= Michael Springmann =

American consular official

J. Michael Springmann (b. 1945) was the head of the American visa bureau in Jeddah, Saudi Arabia, in the Reagan and former Bush administrations, from September 1987 through March 1989. Since 1999 he has worked as an immigration, general practice, family, DUI, and DWI attorney and counselor at law, and is licensed to practice law in Washington, D.C., Maryland, and Virginia. The Law Office of J. Michael Springmann is based in Washington, D.C.

==Education==
Springmann holds a B.F.S. (Bachelor of Foreign Service) degree from Georgetown University (1967), and a JD from the American University Washington College of Law (1998).
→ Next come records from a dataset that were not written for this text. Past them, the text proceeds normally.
text \<open>
  By the mean value theorem the quotient is a value of \<open>Fu\<close> at a point between \<open>(u c, c)\<close> and
  \<open>(u0, c)\<close>, so joint continuity of \<open>Fu\<close> gives the limit.
\<close>

lemma tendsto_partial_difference_quotient:
  fixes F Fu :: "real \<Rightarrow> real \<Rightarrow> real" and u :: "real \<Rightarrow> real"
  assumes d: "d > 0"
    and der: "\<And>v c. \<bar>v - u0\<bar> < d \<Longrightarrow> \<bar>c - c0\<bar> < d \<Longrightarrow> ((\<lambda>v. F v c) has_real_derivative Fu v c) (at v)"
    and cont: "isCont (\<lambda>x. Fu (fst x) (snd x)) (u0, c0)"
    and u: "(u \<longlongrightarrow> u0) (at c0)"
  shows "((\<lambda>c. if u c = u0 then Fu u0 c0 else (F (u c) c - F u0 c) / (u c - u0)) \<longlongrightarrow> Fu u0 c0) (at c0)"
proof (rule tendstoI)
  fix e :: real
  assume e: "e > 0"
  obtain \<delta> where \<delta>: "\<delta> > 0"
    and close: "\<And>x. dist x (u0, c0) < \<delta> \<Longrightarrow> dist (Fu (fst x) (snd x)) (Fu u0 c0) < e"
    using cont e unfolding continuous_at_eps_delta by force
  define r where "r = min d (\<delta> / 2)"
  have r: "r > 0"
    using d \<delta> by (simp add: r_def)
  have "eventually (\<lambda>c. dist (u c) u0 < r) (at c0)"
    using u r by (rule tendstoD)
  moreover have "eventually (\<lambda>c. dist c c0 < r) (at c0)"
    using r eventually_at by blast
  ultimately show "eventually (\<lambda>c. dist (if u c = u0 then Fu u0 c0 else (F (u c) c - F u0 c) / (u c - u0))
      (Fu u0 c0) < e) (at c0)"
  proof eventually_elim
    case (elim c)
    show ?case
    proof (cases "u c = u0")
      case False
      have "\<bar>u c - u0\<bar> < d" "\<bar>c - c0\<bar> < d"
        using elim by (auto simp: r_def dist_real_def)
      then obtain \<xi> where \<xi>: "\<bar>\<xi> - u0\<bar> < \<bar>u c - u0\<bar>" "F (u c) c - F u0 c = (u c - u0) * Fu \<xi> c"
        using MVT_abs[of u0 d "\<lambda>v. F v c" "\<lambda>v. Fu v c" "u c"] der False by blast
      have "dist (\<xi>, c) (u0, c0) \<le> \<bar>\<xi> - u0\<bar> + \<bar>c - c0\<bar>"
        unfolding dist_Pair_Pair dist_real_def
        using sqrt_sum_squares_le_sum_abs[of "\<bar>\<xi> - u0\<bar>" "\<bar>c - c0\<bar>"] by simp
      also have "\<dots> < \<delta>"
        using \<xi> elim by (auto simp: r_def dist_real_def)
      finally have "dist (Fu \<xi> c) (Fu u0 c0) < e"
        using close[of "(\<xi>, c)"] by simp
      then show ?thesis
        using False \<xi> by simp
    qed (use e in simp)
  qed
qed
== Claims regarding unqualified visa applicants and firing ==
While stationed in Saudi Arabia, Springmann was "ordered by high level State Dept officials to issue visas to unqualified applicants". Springmann states that these applicants were terrorist recruits of Osama bin Laden, who were being sent to the United States in order to obtain training from the CIA. Springmann issued complaints to "higher authorities at several agencies," but they have gone unanswered, and his experiences were not mentioned in the 9/11 Commission Report. The State Department has stated that the consular officer (Jay Phillip Freres, who served as U.S. Consul General in Jeddah from 1986 to 1989) had final authority in issuing the visas, not Springmann.

From cited CBC Interview:

CBC: And when you questioned them, what would they say were their reasons for expecting to get a visa with such slight credentials?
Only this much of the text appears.